Every city has cemeteries. It’s a natural part of life, and the end of it.
People go there to visit lost loved ones and reflect, and you’ve probably seen the well-manicured grounds, rows of granite headstones, and elaborate tributes to friends and family.
There are many cemeteries like that in the area. The Mount Carmel Cemetery isn’t one of them.
The African-American cemetery, located off Ehren Cutoff, is a throwback to a different time — a time of segregation, and later, a time of neglect. It’s in better shape now, thanks to the Pasco County Black Caucus, but it’s clear that this is not a modern burial site. If you drove past it, you’d probably never know what it was.
First, a little history.
The community of Ehren — yep, that’s where the road’s name comes from — was a sawmill town in the late 1800s. There were white mill workers and African-American mill workers. They had separate living areas, separate churches, and separate cemeteries.
The Mount Carmel African Methodist Episcopal Church was one that served the African-American community, and they had their own cemetery. So workers and their families would attend the church and were eventually laid to rest there.
In 1920, a fire destroyed the sawmill. Back then, that usually meant the community was destroyed with it. The church eventually closed, but many African-Americans stayed and worked at nearby mills or companies.
They had the Oak Grove Baptist Church to serve their spiritual needs, but the old A.M.E. cemetery was still used as a burial site.
The Oak Grove Baptist Church itself closed a couple decades later, and the last person was buried at the Mount Carmel cemetery in the mid-1950s. And by the looks of things, that was the last anyone thought of the cemetery for several years. It wasn’t maintained, cows from a nearby pasture would trample the headstones, and fallen trees would just lie there rotting.
It wasn’t a cemetery the way you’d think of one today. It was a forgotten piece of land that was supposed to be a place where loved ones wouldn’t be forgotten.
That was basically how things stood until 2006, when a cleanup and preservation project finally got underway.
Think about that: A decade ago, it was still ignored and overrun. It took more than a half-century after the last burial for somebody to finally get around to maintaining it.
During the cleanup work, the county found broken headstones and other debris littering the ground. But they got it cleaned up, documented what remained, and even did radar tests to confirm that there were more burials there than are marked currently.

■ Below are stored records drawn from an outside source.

text \<open>With \<open>Z = \<Sum> C\<^sub>j Y\<^sub>j C\<^sub>j\<close>,
  \<open>W = \<Sum> C\<^sub>j Y\<^sub>j\<^sup>-\<^sup>1 C\<^sub>j\<close> and \<open>v = Z\<^sup>-\<^sup>1 x\<close>, the slack \<open>\<langle>W x, x\<rangle> - \<langle>Z\<^sup>-\<^sup>1 x, x\<rangle>\<close>
  equals \<open>\<Sum> \<langle>Y\<^sub>j w\<^sub>j, w\<^sub>j\<rangle> \<ge> 0\<close> for \<open>w\<^sub>j = Y\<^sub>j\<^sup>-\<^sup>1 C\<^sub>j x - C\<^sub>j v\<close>.\<close>

lemma op_inv_sandwich_sum_le:
  assumes C: "\<And>j. j \<in> J \<Longrightarrow> op_selfadjoint (C j)" and CC: "(\<Sum>j\<in>J. C j o\<^sub>L C j) = id_blinfun"
    and Y: "\<And>j. j \<in> J \<Longrightarrow> op_strictly_pos (Y j)"
    and Z: "op_invertible (\<Sum>j\<in>J. (C j o\<^sub>L Y j) o\<^sub>L C j)"
  shows "op_le (op_inv (\<Sum>j\<in>J. (C j o\<^sub>L Y j) o\<^sub>L C j)) (\<Sum>j\<in>J. (C j o\<^sub>L op_inv (Y j)) o\<^sub>L C j)"
    (is "op_le (op_inv ?Z) ?W")
proof -
  have saY: "op_selfadjoint (Y j)" and invY: "op_invertible (Y j)" and posY: "op_pos (Y j)"
    if "j \<in> J" for j
    using Y[OF that] by (simp_all add: op_strictly_pos_def op_pos_def)
  have saZ: "op_selfadjoint ?Z"
    using C saY by (intro op_selfadjoint_sum op_selfadjoint_sandwich)
  have "op_selfadjoint (?W - op_inv ?Z)"
    using C saY invY saZ Z
    by (intro op_selfadjoint_diff op_selfadjoint_sum op_selfadjoint_sandwich op_selfadjoint_op_inv)
  moreover have "inner (op_inv ?Z x) x \<le> inner (?W x) x" for x
  proof -
    define v where "v = op_inv ?Z x"
    have "0 \<le> (\<Sum>j\<in>J. inner (Y j (op_inv (Y j) (C j x) - C j v)) (op_inv (Y j) (C j x) - C j v))"
      using posY by (intro sum_nonneg) (simp add: op_pos_def)
    also have "\<dots> = (\<Sum>j\<in>J. inner (((C j o\<^sub>L op_inv (Y j)) o\<^sub>L C j) x) x - 2 * inner (C j (C j x)) v
        + inner (((C j o\<^sub>L Y j) o\<^sub>L C j) v) v)"
    proof (rule sum.cong)
      fix j assume j: "j \<in> J"
      show "inner (Y j (op_inv (Y j) (C j x) - C j v)) (op_inv (Y j) (C j x) - C j v)
          = inner (((C j o\<^sub>L op_inv (Y j)) o\<^sub>L C j) x) x - 2 * inner (C j (C j x)) v
            + inner (((C j o\<^sub>L Y j) o\<^sub>L C j) v) v"
        using inner_op_inv_shift[OF saY[OF j] invY[OF j], of "C j x" "C j v"]
          inner_sandwich[OF C[OF j], of "op_inv (Y j)" x x] inner_sandwich[OF C[OF j], of "Y j" v v]
          op_selfadjointD[OF C[OF j], of "C j x" v]
        by linarith
    qed simp
    also have "\<dots> = inner (?W x) x - 2 * inner (\<Sum>j\<in>J. C j (C j x)) v + inner (?Z v) v"
      by (simp add: sum.distrib sum_subtractf sum_distrib_left blinfun.sum_left inner_sum_left
          del: blinfun_apply_blinfun_compose)
    also have "(\<Sum>j\<in>J. C j (C j x)) = x"
      using arg_cong[OF CC, of "\<lambda>F. F x"] by (simp add: blinfun.sum_left)
    also have "?Z v = x"
      using Z by (simp add: v_def)
    finally show ?thesis
      by (simp add: v_def inner_commute)
  qed
  ultimately show ?thesis
    by (simp add: op_le_iff)
qed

Today there are supposed to be seven headstones in the cemetery — it’s locked so I couldn’t go inside to verify — but dozens more are laid to rest there. Exactly who they all are, nobody can say. We don’t even know how long they’ve been there.
Some documentation suggests there were graves decades before the sawmill came into existence, meaning the use of the land as a cemetery predates the town proper. But most headstones were made of wood, and have since decayed away.

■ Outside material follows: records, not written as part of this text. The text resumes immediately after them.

lemma grid_sum_mod:
  fixes F :: "nat \<Rightarrow> nat \<Rightarrow> int"
  assumes x: "x \<le> p" and y: "y \<le> p"
  shows "(\<Sum>i<p. \<Sum>j<p. F (if i < x then X else 0) (if j < y then Y else 0)) mod int p
       = int x * int y * (F X Y - F X 0 - F 0 Y + F 0 0) mod int p"
proof -
  define R where "R u = (\<Sum>j<p. F u (if j < y then Y else 0))" for u
  have row: "R u = int y * F u Y + int (p - y) * F u 0" for u
  proof -
    have "R u = (\<Sum>j<p. if j < y then F u Y else F u 0)"
      unfolding R_def by (intro sum.cong) auto
    then show ?thesis by (simp only: sum_threshold[OF y])
  qed
  have "(\<Sum>i<p. \<Sum>j<p. F (if i < x then X else 0) (if j < y then Y else 0))
      = (\<Sum>i<p. if i < x then R X else R 0)"
    unfolding R_def by (intro sum.cong) auto
  also have "\<dots> = int x * R X + int (p - x) * R 0"
    by (rule sum_threshold[OF x])
  also have "\<dots> = int x * int y * (F X Y - F X 0 - F 0 Y + F 0 0)
                  + int p * (int x * F X 0 + int y * F 0 Y + (int p - int x - int y) * F 0 0)"
  proof -
    have "int (p - x) = int p - int x" "int (p - y) = int p - int y"
      using x y by simp_all
    then show ?thesis unfolding row by (simp add: algebra_simps)
  qed
  finally show ?thesis by (simp only: mod_mult_self2)
qed
lemma Fitting_commute:
  assumes fin: "finite (carrier G)" and sq: "squarefree (card (Fitting G))"
    and x: "x \<in> Fitting G" and y: "y \<in> Fitting G"
  shows "x \<otimes> y = y \<otimes> x"
proof -
  define S where "S = \<Union>{N. N \<lhd> G \<and> nilpotent_grp (G\<lparr>carrier := N\<rparr>)}"
  have K: "subgroup (Fitting G) G" "finite (Fitting G)" "squarefree (card (Fitting G))"
    using Fitting_subgroup finite_subset[OF subgroup.subset[OF Fitting_subgroup] fin] sq by auto
  have S: "S \<subseteq> carrier G" unfolding S_def using normal_imp_subgroup subgroup.subset by blast
  have "a \<otimes> b = b \<otimes> a" if "a \<in> S" "b \<in> S" for a b
  proof -
    obtain A where A: "A \<lhd> G" "nilpotent_grp (G\<lparr>carrier := A\<rparr>)" "a \<in> A"
      using \<open>a \<in> S\<close> unfolding S_def by blast
    obtain B where B: "B \<lhd> G" "nilpotent_grp (G\<lparr>carrier := B\<rparr>)" "b \<in> B"
      using \<open>b \<in> S\<close> unfolding S_def by blast
    have AB: "subgroup A G" "subgroup B G" "A \<subseteq> Fitting G" "B \<subseteq> Fitting G"
      using A B normal_imp_subgroup nilpotent_normal_subset_Fitting by auto
    have ac: "a \<in> carrier G" and bc: "b \<in> carrier G"
      using A(3) B(3) AB subgroup.mem_carrier by metis+
    define c where "c = a \<otimes> b \<otimes> inv a \<otimes> inv b"
    have "c = a \<otimes> (b \<otimes> inv a \<otimes> inv b)" using ac bc by (simp add: c_def m_assoc)
    then have cA: "c \<in> A"
      using normal.inv_op_closed2[OF A(1) bc subgroup.m_inv_closed[OF AB(1) A(3)]]
        subgroup.m_closed[OF AB(1) A(3)] by simp
    have cB: "c \<in> B"
      using normal.inv_op_closed2[OF B(1) ac B(3)] subgroup.m_inv_closed[OF AB(2) B(3)]
        subgroup.m_closed[OF AB(2)] c_def by simp
    have "c \<otimes> a = a \<otimes> c" "c \<otimes> b = b \<otimes> c"
      using nilpotent_subgroup_abelian[OF K AB(1) AB(3) A(2)] cA A(3)
        nilpotent_subgroup_abelian[OF K AB(2) AB(4) B(2)] cB B(3)
      by (auto simp: centralizer_def)
    then have "c = \<one>" using commutator_central_trivial[OF K _ _ c_def] A(3) B(3) AB by auto
    then show ?thesis using commutator_one_iff[OF ac bc] c_def by simp
  qed
  then show ?thesis using generate_commute[OF S] x y unfolding Fitting_def S_def by blast
qed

The few stone headstones that do exist stick up from the ground like broken teeth, and many of those only hint at who lies at rest there. Some have names but no legible dates. One has a name with a single date, so we don’t know if that’s the date of birth or death.
Another is an infant from the Horton family. And there are many more beneath the earth. They all have stories; we just don’t know what they are.

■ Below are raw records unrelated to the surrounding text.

(* Let $a,\varepsilon\in\mathbb{R}$ with $\frac{|a|}{\sqrt2}<\varepsilon<|a|$ or $-|a|<\varepsilon<-\frac{|a|}{\sqrt2}$. Let $X_-(x,y,z)=(y,\,-ay+x+az+\varepsilon,\,x)$, $X_+(x,y,z)=(y,\,-ay-x-az+\varepsilon,\,x)$, $P=\left(-\frac{\sqrt{a^2-\varepsilon^2}}{a},\frac{\varepsilon}{a},0\right)$, and let $x_{\alpha_\pm}(t)$ be the solution of $\dot{\mathbf x}=X_\pm(\mathbf x)$ with $x_{\alpha_\pm}(0)=P$. Set $$t_-=\ln\left(\frac{\sqrt{a^2-\varepsilon^2}+\varepsilon}{\varepsilon-\sqrt{a^2-\varepsilon^2}}\right),\qquad t_+=2\arctan\left(\frac{\sqrt{a^2-\varepsilon^2}}{\varepsilon}\right).$$ Then $\|x_{\alpha_-}(t)\|^2<1$ for $0<t<t_-$ and $\|x_{\alpha_+}(t)\|^2>1$ for $0<t<t_+$.
   Context: $\|\cdot\|$ is the Euclidean norm on $\mathbb{R}^3$. *)

theory Defs
  imports "HOL-Analysis.Analysis"
begin

definition X_minus :: "real \<Rightarrow> real \<Rightarrow> real^3 \<Rightarrow> real^3" where
  "X_minus a \<epsilon> v = vector [v$2, - a * v$2 + v$1 + a * v$3 + \<epsilon>, v$1]"

definition X_plus :: "real \<Rightarrow> real \<Rightarrow> real^3 \<Rightarrow> real^3" where
  "X_plus a \<epsilon> v = vector [v$2, - a * v$2 - v$1 - a * v$3 + \<epsilon>, v$1]"

definition P_pt :: "real \<Rightarrow> real \<Rightarrow> real^3" where
  "P_pt a \<epsilon> = vector [- sqrt (a^2 - \<epsilon>^2) / a, \<epsilon> / a, 0]"

definition t_minus :: "real \<Rightarrow> real \<Rightarrow> real" where
  "t_minus a \<epsilon> = ln ((sqrt (a^2 - \<epsilon>^2) + \<epsilon>) / (\<epsilon> - sqrt (a^2 - \<epsilon>^2)))"

definition t_plus :: "real \<Rightarrow> real \<Rightarrow> real" where
  "t_plus a \<epsilon> = 2 * arctan (sqrt (a^2 - \<epsilon>^2) / \<epsilon>)"

end

(* Each field leaves invariant a plane through P: w = a (z - y) + \<epsilon> for X_-, and
   w = a (z + y) - \<epsilon> for X_+, satisfies w' = - a w and vanishes at P. On that plane the
   remaining dynamics is x' = y, y' = x for X_- and x' = y, y' = - x for X_+, so both orbits
   are explicit. Put s = sqrt (a^2 - \<epsilon>^2). Along the X_+ orbit the squared norm is
   1 + ((\<epsilon> (1 - cos t) - s sin t) / a)^2, and by the half-angle formulas the bracket is
   nonzero for 0 < t < t_+ = 2 arctan (s / \<epsilon>). Along the X_- orbit, with u = exp t,
   4 a^2 u^2 (|x|^2 - 1) factors as
   (u - 1) ((\<epsilon> - s) u - (\<epsilon> + s)) (3 (\<epsilon> - s) u^2 + 2 \<epsilon> u + 3 (\<epsilon> + s)),
   whose middle factor is negative exactly for u < (\<epsilon> + s) / (\<epsilon> - s) = exp t_-.
   For \<epsilon> < 0 both time intervals are empty. *)

theory Submission
  imports Defs
begin

lemma has_real_derivative_vec_nth:
  fixes f :: "real \<Rightarrow> real^'n"
  assumes "(f has_vector_derivative f') (at t)"
  shows "((\<lambda>t. f t $ i) has_real_derivative f' $ i) (at t)"
  using bounded_linear.has_vector_derivative[OF bounded_linear_vec_nth assms, of i]
  by (simp add: has_real_derivative_iff_has_vector_derivative)

lemma linear_ode_solution:
  fixes f :: "real \<Rightarrow> real"
  assumes "\<And>t. (f has_real_derivative c * f t) (at t)"
  shows "f t = f 0 * exp (c * t)"
proof -
  have "((\<lambda>t. f t * exp (- c * t)) has_real_derivative 0) (at t)" for t
    by (auto intro!: derivative_eq_intros assms simp: algebra_simps)
  then have "f t * exp (- c * t) = f 0 * exp (- c * 0)"
    by (rule DERIV_isconst_all[rule_format])
  then have "f t * exp (- c * t) * exp (c * t) = f 0 * exp (c * t)"
    by simp
  then show ?thesis
    by (simp add: mult.assoc flip: exp_add)
qed

lemma hyperbolic_system_solution:
  fixes p q :: "real \<Rightarrow> real"
  assumes p: "\<And>t. (p has_real_derivative q t) (at t)"
    and q: "\<And>t. (q has_real_derivative p t) (at t)"
  shows "q t + p t = (q 0 + p 0) * exp t" and "q t - p t = (q 0 - p 0) * exp (- t)"
proof -
  have "((\<lambda>t. q t + p t) has_real_derivative 1 * (q t + p t)) (at t)" for t
    by (rule DERIV_cong[OF DERIV_add[OF q p]]) simp
  then have "q t + p t = (q 0 + p 0) * exp (1 * t)"
    by (rule linear_ode_solution)
  then show "q t + p t = (q 0 + p 0) * exp t"
    by simp
  have "((\<lambda>t. q t - p t) has_real_derivative -1 * (q t - p t)) (at t)" for t
    by (rule DERIV_cong[OF DERIV_diff[OF q p]]) simp
  then have "q t - p t = (q 0 - p 0) * exp (-1 * t)"
    by (rule linear_ode_solution)
  then show "q t - p t = (q 0 - p 0) * exp (- t)"
    by simp
qed

lemma harmonic_oscillator_solution:
  fixes p q :: "real \<Rightarrow> real"
  assumes p: "\<And>t. (p has_real_derivative q t) (at t)"
    and q: "\<And>t. (q has_real_derivative - p t) (at t)"
  shows "p t = p 0 * cos t + q 0 * sin t" and "q t = q 0 * cos t - p 0 * sin t"
proof -
  define E where "E t = (p t - p 0 * cos t - q 0 * sin t)\<^sup>2 + (q t - q 0 * cos t + p 0 * sin t)\<^sup>2" for t
  have "(E has_real_derivative 0) (at t)" for t
    unfolding E_def by (auto intro!: derivative_eq_intros p q simp: algebra_simps)
  then have "E t = E 0"
    by (rule DERIV_isconst_all[rule_format])
  then have "E t = 0"
    by (simp add: E_def)
  then show "p t = p 0 * cos t + q 0 * sin t" and "q t = q 0 * cos t - p 0 * sin t"
    unfolding E_def by simp_all
qed

lemma X_minus_solution_components:
  assumes "\<And>t. (x has_vector_derivative X_minus a \<epsilon> (x t)) (at t)"
  shows "((\<lambda>t. x t $ 1) has_real_derivative x t $ 2) (at t)"
    and "((\<lambda>t. x t $ 2) has_real_derivative - a * x t $ 2 + x t $ 1 + a * x t $ 3 + \<epsilon>) (at t)"
    and "((\<lambda>t. x t $ 3) has_real_derivative x t $ 1) (at t)"
  using has_real_derivative_vec_nth[OF assms[of t], of 1] has_real_derivative_vec_nth[OF assms[of t], of 2]
    has_real_derivative_vec_nth[OF assms[of t], of 3]
  by (simp_all add: X_minus_def)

Unfortunately, this isn’t one of those “go see this place” stories. The gates are locked. Barbed wire designates the cemetery’s boundaries, and there’s nowhere to park but the open field by the side of the road.
If you were to walk up to it and didn’t read the signage, you’d have no idea it was a cemetery. There are no benches and no pathways. I think in the very back you can see one of the headstones, but driving by in your car it would just be a blur of trees and grass.
It’s more than that, of course. It’s the final resting place of hard-working people who lived during a difficult time, kept their faith, and were buried close to where they lived. And it’s good that the cemetery is finally cleaned up, designated and protected.
But you get the feeling that those laid to rest there deserved better over the years. The decades weren’t kind to the Mount Carmel Cemetery, and the situation only improved a few years ago.
The word “Ehren” is of German origin, and it means “to honor.” But when it comes to the deceased buried at the cemetery, it took decades to begin to live up to that word.